ActiveSOAP now fully supports JAXB 2.0 as a marshalling layer for REST and SOAP web services; allowing you to use a nice and simple marshalling layer and keep your code based on simple POJOs. To get a feel for how this works see the examples

We've added support to ActiveSOAP for XStream making it easy to expose POJOs over REST or SOAP endpoints using XStream's simple & fast XML serialization. There are some examples here.

So now we've the best of both worlds.

  • if you're starting from the POJO route you can use a tool like XStream to work in a REST/SOAP way
  • if you're given a WSDL / XSD to interact with, you can use XMLBeans to autogenerate XMLBeans from the WSDL/XSD

You can happily mix and match both approaches, together with any other kinds of XML binding tools you wish - all using a simple & lightweight REST/SOAP framework with pluggable transports for HTTP and JMS.
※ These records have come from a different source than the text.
lemma count_set_estimate:
  fixes f g :: "int poly" and m :: nat and K N :: real and \<gamma> M a1 b1 :: int
  assumes deg: "degree f \<le> 4 * m" "degree g \<le> 6 * m" and m: "m > 0"
    and K: "K \<ge> 1" "region f g m 1 \<subseteq> cball 0 K"
    and M: "M > 0" and \<gamma>: "\<gamma> > 0" and primitive: "coprime (gcd a1 b1) M" and N: "N > 0"
  defines "V \<equiv> measure lborel (region f g m 1)"
  shows "\<bar>real (card (count_set f g m N \<gamma> M a1 b1))
           - N powr (1 / (6 * real m)) * V * real_of_int (gcd \<gamma> M) / (real_of_int \<gamma> ^ 2 * real_of_int M)\<bar>
         \<le> ((100 * m + 1) * K + V) * N powr (1 / (12 * real m)) / real_of_int \<gamma>"
    and "real_of_int \<gamma> > K * N powr (1 / (12 * real m)) \<Longrightarrow> count_set f g m N \<gamma> M a1 b1 = {}"
proof -
  define G where "G = gcd \<gamma> M"
  define N' where "N' = N / \<gamma> ^ (12 * m)"
  define T where "T = N powr (1 / (12 * real m))"
  define P' where "P' = {p \<in> cong_lattice (M div G) a1 b1. map_prod real_of_int real_of_int p \<in> region f g m N'}"
  have G: "G > 0" "G dvd M" using M by (simp_all add: G_def)
  have M': "M div G > 0" using M G by (simp add: pos_imp_zdiv_pos_iff zdvd_imp_le)
  have primitive': "coprime (gcd a1 b1) (M div G)"
    using primitive G(2) by (metis coprime_mult_right_iff dvd_div_mult_self)
  have N': "N' > 0" using N \<gamma> by (simp add: N'_def)
  have T': "N' powr (1 / (12 * real m)) = T / \<gamma>"
    using N \<gamma> m power_powr_inverse[of "real_of_int \<gamma>" "12 * m"]
    by (simp add: N'_def T_def powr_divide)
  have count: "count_set f g m N \<gamma> M a1 b1 = (\<lambda>(a, b). (\<gamma> * a, \<gamma> * b)) ` (P' - {0})"
    unfolding P'_def N'_def G_def using count_set_eq_scaled[OF deg \<gamma> primitive] N by simp
  have "inj_on (\<lambda>(a, b). (\<gamma> * a, \<gamma> * b)) (P' - {0})" using \<gamma> by (auto simp: inj_on_def)
  then have card: "card (count_set f g m N \<gamma> M a1 b1) = card (P' - {0})"
    by (simp add: count card_image)
  note estimate = card_cong_lattice_region[OF deg m K M' primitive' N', folded P'_def, unfolded T']
  have "(T / \<gamma>) ^ 2 * V / real_of_int (M div G)
      = N powr (1 / (6 * real m)) * V * G / (real_of_int \<gamma> ^ 2 * M)"
    using G N powr_square[OF N, of "1 / (12 * real m)"]
    by (simp add: T_def real_of_int_div power_divide field_simps)
  then show "\<bar>real (card (count_set f g m N \<gamma> M a1 b1))
           - N powr (1 / (6 * real m)) * V * real_of_int (gcd \<gamma> M) / (real_of_int \<gamma> ^ 2 * real_of_int M)\<bar>
         \<le> ((100 * m + 1) * K + V) * N powr (1 / (12 * real m)) / real_of_int \<gamma>"
    using estimate(1) by (simp add: card V_def G_def T_def)
  show "count_set f g m N \<gamma> M a1 b1 = {}" if "real_of_int \<gamma> > K * N powr (1 / (12 * real m))"
    using estimate(2) that \<gamma> by (simp add: count T_def field_simps)
qed

lemma degree_bounds_of_weight:
  assumes "max (real (degree f) / 2) (real (degree g) / 3) = 2 * real m"
  shows "degree f \<le> 4 * m" "degree g \<le> 6 * m" "degree f = 4 * m \<or> degree g = 6 * m"
proof -
  have "real (degree f) \<le> real (4 * m)" "real (degree g) \<le> real (6 * m)"
    "real (degree f) = real (4 * m) \<or> real (degree g) = real (6 * m)"
    using assms by (auto simp: max_def split: if_splits)
  then show "degree f \<le> 4 * m" "degree g \<le> 6 * m" "degree f = 4 * m \<or> degree g = 6 * m"
    by (simp_all only: of_nat_le_iff of_nat_eq_iff)
qed

theorem lemma4p4:
  fixes f g :: "int poly" and m :: nat
  assumes m_pos: "m > 0"
    and disc: "smult 4 (f ^ 3) + smult 27 (g ^ 2) \<noteq> 0"
    and no_common_root: "\<not> (\<exists>t::real. poly (map_poly real_of_int f) t = 0 \<and> poly (map_poly real_of_int g) t = 0)"
    and deg: "max (real (degree f) / 2) (real (degree g) / 3) = 2 * real m"
  shows "\<exists>C c::real. c > 0 \<and>
    (\<forall>M \<gamma> a1 b1 :: int. \<forall>N::real.
       M > 0 \<longrightarrow> \<gamma> > 0 \<longrightarrow> squarefree \<gamma> \<longrightarrow> gcd (gcd a1 b1) M = 1 \<longrightarrow> N \<ge> 1 \<longrightarrow>
       \<bar>real (card (count_set f g m N \<gamma> M a1 b1))
          - N powr (1 / (6 * real m)) * measure lborel (region f g m 1) * real_of_int (gcd \<gamma> M)
              / (real_of_int \<gamma> ^ 2 * real_of_int M)\<bar>
         \<le> C * N powr (1 / (12 * real m)) / real_of_int \<gamma>
       \<and> (real_of_int \<gamma> > c * N powr (1 / (12 * real m)) \<longrightarrow> count_set f g m N \<gamma> M a1 b1 = {}))"
proof -
  note degrees = degree_bounds_of_weight[OF deg]
  obtain K where K: "K \<ge> 1" "region f g m 1 \<subseteq> cball 0 K"
  proof -
    obtain B where "\<forall>z \<in> region f g m 1. norm z \<le> B"
      using region_bounded[OF degrees m_pos no_common_root, of 1] unfolding bounded_iff by blast
    then have "region f g m 1 \<subseteq> cball 0 (max 1 B)"
      unfolding subset_iff mem_cball_0 by (simp add: le_max_iff_disj)
    then show thesis by (rule that[rotated]) simp
  qed
  show ?thesis
  proof (rule exI[of _ "(100 * m + 1) * K + measure lborel (region f g m 1)"], rule exI[of _ K],
      intro conjI allI impI)
    show "K > 0" using K(1) by simp
  next
    fix M \<gamma> a1 b1 :: int and N :: real
    assume "M > 0" "\<gamma> > 0" "squarefree \<gamma>" "gcd (gcd a1 b1) M = 1" "N \<ge> 1"
    then have "M > 0" "\<gamma> > 0" "coprime (gcd a1 b1) M" "N > 0" by (simp_all add: coprime_iff_gcd_eq_1)
    note estimate = count_set_estimate[OF degrees(1,2) m_pos K this]
    show "\<bar>real (card (count_set f g m N \<gamma> M a1 b1))
        - N powr (1 / (6 * real m)) * measure lborel (region f g m 1) * real_of_int (gcd \<gamma> M)
          / (real_of_int \<gamma> ^ 2 * real_of_int M)\<bar>
      \<le> ((100 * m + 1) * K + measure lborel (region f g m 1)) * N powr (1 / (12 * real m)) / real_of_int \<gamma>"
      by (fact estimate(1))
    show "count_set f g m N \<gamma> M a1 b1 = {}" if "real_of_int \<gamma> > K * N powr (1 / (12 * real m))"
      by (fact estimate(2)[OF that])
  qed
qed

end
We have added a few examples of using ActiveSOAP and XMLBeans to invoke web services or REST services, which relies on auto-generating a service interface from the WSDL at the same time you generate your XMLBeans interfaces.

If you want to be dynamic, there's also a Dynamic client which allows you to invoke services without code generation.
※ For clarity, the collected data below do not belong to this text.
lemma hr_tree_of_correct: "distinct w \<Longrightarrow> hr_cond (hr_tree_of w) \<and> inord (hr_tree_of w) = w"
proof (induction "length w" arbitrary: w rule: less_induct)
  case less
  show ?case
  proof (cases w)
    case (Cons x xs)
    then obtain P e S where w: "w = P @ e # S" and e: "is_extreme w e"
      and P: "\<forall>y\<in>set P. \<not> is_extreme w y"
      using split_first_extreme by blast
    have "length P < length w" "length S < length w" "distinct P" "distinct S"
      using w less.prems by auto
    then have IH: "hr_cond (hr_tree_of P) \<and> inord (hr_tree_of P) = P"
      "hr_cond (hr_tree_of S) \<and> inord (hr_tree_of S) = S"
      using less.hyps by blast+
    have tree: "hr_tree_of w = Nd (hr_tree_of P) e (hr_tree_of S)"
      using hr_tree_of_split[of P e S] e P unfolding w by blast
    have inord: "inord (hr_tree_of w) = w" using tree IH w by simp
    then have lab: "labels (Nd (hr_tree_of P) e (hr_tree_of S)) = set w" "labels (hr_tree_of S) = set S"
      using IH tree set_inord by metis+
    have root: "S \<noteq> [] \<and> (e = Min (set w) \<longrightarrow> Max (set w) \<in> set S) \<and> (e = Max (set w) \<longrightarrow> Min (set w) \<in> set S)"
      if "P \<noteq> [] \<or> S \<noteq> []"
    proof -
      have "2 \<le> length w" using that unfolding w by (cases P; cases S) auto
      note other = other_extreme_in_suffix[OF w less.prems this P]
      have "e = Min (set w) \<or> e = Max (set w)" using e unfolding is_extreme_def .
      with other show ?thesis by (metis empty_iff list.set(1))
    qed
    have "hr_cond (Nd (hr_tree_of P) e (hr_tree_of S))"
      unfolding hr_cond.simps(2) Let_def lab hr_tree_of_eq_Tip_iff
      using IH root e unfolding is_extreme_def by blast
    with inord tree show ?thesis by simp
  qed simp
qed

lemma hr_tree_of_inord: "hr_cond t \<Longrightarrow> distinct (inord t) \<Longrightarrow> hr_tree_of (inord t) = t"
proof (induction t)
  case (Nd l a r)
  define w where "w = inord (Nd l a r)"
  have sw: "set w = labels (Nd l a r)" unfolding w_def by (simp add: set_inord)
  have a: "a = Min (set w) \<or> a = Max (set w)" using Nd.prems(1) sw by (simp add: Let_def)
  have "\<not> is_extreme w y" if y: "y \<in> set (inord l)" for y
  proof -
    have "l \<noteq> Tip" using y by auto
    then have "(a = Min (set w) \<longrightarrow> Max (set w) \<in> labels r) \<and> (a = Max (set w) \<longrightarrow> Min (set w) \<in> labels r)"
      using Nd.prems(1) sw by (simp add: Let_def)
    moreover have "y \<noteq> a" "y \<notin> labels r" using Nd.prems(2) y by (auto simp flip: set_inord)
    ultimately show ?thesis using a unfolding is_extreme_def by auto
  qed
  then have "hr_tree_of w = Nd (hr_tree_of (inord l)) a (hr_tree_of (inord r))"
    using hr_tree_of_split[of "inord l" a "inord r"] a unfolding w_def is_extreme_def by simp
  then show ?case using Nd unfolding w_def by (simp add: Let_def)
qed simp

lemma T_of_eq_hr_tree_of: "distinct (0 # p) \<Longrightarrow> T_of p = hr_tree_of (0 # p)"
  unfolding T_of_def
proof (rule the_equality)
  show "HR_tree (hr_tree_of (0 # p)) \<and> inord (hr_tree_of (0 # p)) = 0 # p" if "distinct (0 # p)"
    using hr_tree_of_correct[OF that] that unfolding HR_tree_def by simp
  show "t = hr_tree_of (0 # p)" if "HR_tree t \<and> inord t = 0 # p" for t
    using hr_tree_of_inord[of t] that unfolding HR_tree_def by metis
qed

definition leaves :: "'a::linorder list \<Rightarrow> nat" where
  "leaves w = leaf (hr_tree_of w)"

lemma leaves_split:
  assumes "is_extreme (P @ e # S) e" "\<forall>y\<in>set P. \<not> is_extreme (P @ e # S) y"
  shows "leaves (P @ e # S) = (if P = [] \<and> S = [] then 1 else leaves P + leaves S)"
  unfolding leaves_def hr_tree_of_split[OF assms] by simp

lemma leaves_Cons_extreme: "is_extreme (e # S) e \<Longrightarrow> S \<noteq> [] \<Longrightarrow> leaves (e # S) = leaves S"
  using leaves_split[of "[]" e S] by (simp add: leaves_def)

lemma leaves_map_antimono: "strict_antimono_on (set w) g \<Longrightarrow> leaves (map g w) = leaves w"
proof (induction "length w" arbitrary: w rule: less_induct)
  case less
  show ?case
  proof (cases w)
    case (Cons x xs)
    then obtain P e S where w: "w = P @ e # S" and e: "is_extreme w e"
      and P: "\<forall>y\<in>set P. \<not> is_extreme w y"
      using split_first_extreme by blast
    have "set P \<subseteq> set w" "set S \<subseteq> set w" "e \<in> set w" "length P < length w" "length S < length w"
      unfolding w by auto
    then have IH: "leaves (map g P) = leaves P" "leaves (map g S) = leaves S"
      using less.hyps less.prems by (metis monotone_on_subset)+
    have "is_extreme (map g w) (g e)" "\<forall>y\<in>set (map g P). \<not> is_extreme (map g w) y"
      using is_extreme_map_antimono[OF less.prems] e P \<open>set P \<subseteq> set w\<close> \<open>e \<in> set w\<close> by auto
    then have "leaves (map g w) = (if P = [] \<and> S = [] then 1 else leaves (map g P) + leaves (map g S))"
      using leaves_split[of "map g P" "g e" "map g S"] unfolding w by simp
    also have "\<dots> = leaves w"
      using IH leaves_split[of P e S] e P unfolding w by simp
    finally show ?thesis .
  qed (simp add: leaves_def)
qed

lemma leaves_bounds: "distinct w \<Longrightarrow> w \<noteq> [] \<Longrightarrow> 1 \<le> leaves w \<and> 2 * leaves w \<le> length w + 1"
proof -
  have "t \<noteq> Tip \<Longrightarrow> 1 \<le> leaf t" and "2 * leaf t \<le> length (inord t) + 1" for t :: "'a btree"
    by (induction t) auto
  then show "distinct w \<Longrightarrow> w \<noteq> [] \<Longrightarrow> ?thesis"
    using hr_tree_of_correct[of w] unfolding leaves_def by (metis hr_tree_of_eq_Tip_iff)
qed

lemma leaves_singleton [simp]: "leaves [a] = 1"
  using leaves_split[of "[]" a "[]"] by (simp add: is_extreme_def)

lemma leaves_le_length: "distinct w \<Longrightarrow> w \<noteq> [] \<Longrightarrow> leaves w \<le> length w"
  using leaves_bounds[of w] by (cases w) auto

section \<open>Sums over arrangements\<close>

lemma sum_permutations_of_set_Cons:
  fixes f :: "'a list \<Rightarrow> 'b::comm_monoid_add"
  assumes "finite A" "A \<noteq> {}"
  shows "(\<Sum>u\<in>permutations_of_set A. f u) = (\<Sum>b\<in>A. \<Sum>u\<in>permutations_of_set (A - {b}). f (b # u))"
proof -
  have "(\<Sum>u\<in>permutations_of_set A. f u)
      = (\<Sum>b\<in>A. \<Sum>u\<in>(\<lambda>xs. b # xs) ` permutations_of_set (A - {b}). f u)"
    unfolding permutations_of_set_nonempty[OF assms(2)]
    by (rule sum.UNION_disjoint) (auto simp: assms(1))
  also have "\<dots> = (\<Sum>b\<in>A. \<Sum>u\<in>permutations_of_set (A - {b}). f (b # u))"
    by (rule sum.cong[OF refl], subst sum.reindex) (auto simp: inj_on_def)
  finally show ?thesis .
qed

lemma sum_permutations_of_set_image:
  fixes f :: "'a list \<Rightarrow> 'b::comm_monoid_add"
  assumes "inj_on g A"
  shows "(\<Sum>u\<in>permutations_of_set (g ` A). f u) = (\<Sum>u\<in>permutations_of_set A. f (map g u))"
proof -
  have "inj_on (map g) (permutations_of_set A)"
    by (rule inj_on_subset[OF inj_on_map_lists[OF assms]]) (auto dest: permutations_of_setD)
  then show ?thesis
    unfolding permutations_of_set_image_inj[OF assms] by (simp add: sum.reindex)
qed

lemma ex_bij_betw_strict_antimono_on:
  fixes A :: "'a::linorder set" and B :: "'b::linorder set"
  assumes "finite A" "finite B" "card A = card B"
  obtains g where "bij_betw g A B" "strict_antimono_on A g"
  using assms
proof (induction "card A" arbitrary: A B thesis)
  case 0
  then show ?case by (auto simp: bij_betw_def monotone_on_def)
next
  case (Suc n)
  then have "A \<noteq> {}" "B \<noteq> {}" by auto
  define a where "a = Max A"
  define b where "b = Min B"
  have a: "a \<in> A" "\<forall>y\<in>A. y \<le> a" using Suc.prems \<open>A \<noteq> {}\<close> by (simp_all add: a_def)
  have b: "b \<in> B" "\<forall>y\<in>B. b \<le> y" using Suc.prems \<open>B \<noteq> {}\<close> by (simp_all add: b_def)
  have "n = card (A - {a})" "card (A - {a}) = card (B - {b})"
    using Suc.hyps(2) Suc.prems(2-4) a(1) b(1) by auto
  then obtain g where g: "bij_betw g (A - {a}) (B - {b})" "strict_antimono_on (A - {a}) g"
    using Suc.hyps(1)[of "A - {a}" "B - {b}"] Suc.prems(2,3) by blast
  define h where "h = g(a := b)"
  have "bij_betw h (A - {a}) (B - {b})"
    using g(1) unfolding h_def by (rule bij_betw_cong[THEN iffD1, rotated]) auto
  then have "bij_betw h ((A - {a}) \<union> {a}) ((B - {b}) \<union> {h a})"
    by (subst notIn_Un_bij_betw3[symmetric]) (auto simp: h_def)
  then have "bij_betw h A B"
    using a(1) b(1) by (simp add: h_def insert_absorb)
  moreover have "strict_antimono_on A h"
  proof (rule monotone_onI)
    fix x y assume xy: "x \<in> A" "y \<in> A" "x < y"
    then have "x \<noteq> a" using a(2) by (meson leD)
    show "h y < h x"
    proof (cases "y = a")
      case True
      have "g x \<in> B - {b}" using g(1) xy(1) \<open>x \<noteq> a\<close> by (auto simp: bij_betw_def)
      then show ?thesis using True \<open>x \<noteq> a\<close> b(2) by (auto simp: h_def order_le_less)
    next
      case False
      then show ?thesis using g(2) xy \<open>x \<noteq> a\<close> by (auto simp: h_def dest: monotone_onD)
    qed
  qed
  ultimately show ?case by (rule Suc.prems(1))
qed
Its very popular to use a RESTful approach of sending blobs of XML over HTTP or JMS. Using the full SOAP protocol and WS-* is often an unnecessary overhead.

ActiveSOAP now supports both pure REST and one or more SOAP protocols concurrently on the same service endpoint over HTTP and/or JMS (or other transports).

This allows lightweight some clients to use pure REST and then when the use of the SOAP protocol (and other optional WS-protocols) makes sense, to support those too all in the same endpoint.

This is useful as you should only pay for what you need; for many use cases pure REST is fine - its often up to the endpoint to decide whether or not the SOAP protocol is worth the cost and if it is which version of SOAP it wishes to support along with what of the WS-protocols it requires too.

We've added an example to CVS which demonstrates how to bind a POJO service written using XMLBeans generated from a WSDL to both REST and SOAP.

Its easy to map multiple operations on different ports to the same service instance or to separate operations on the same port to different service instances however you see fit.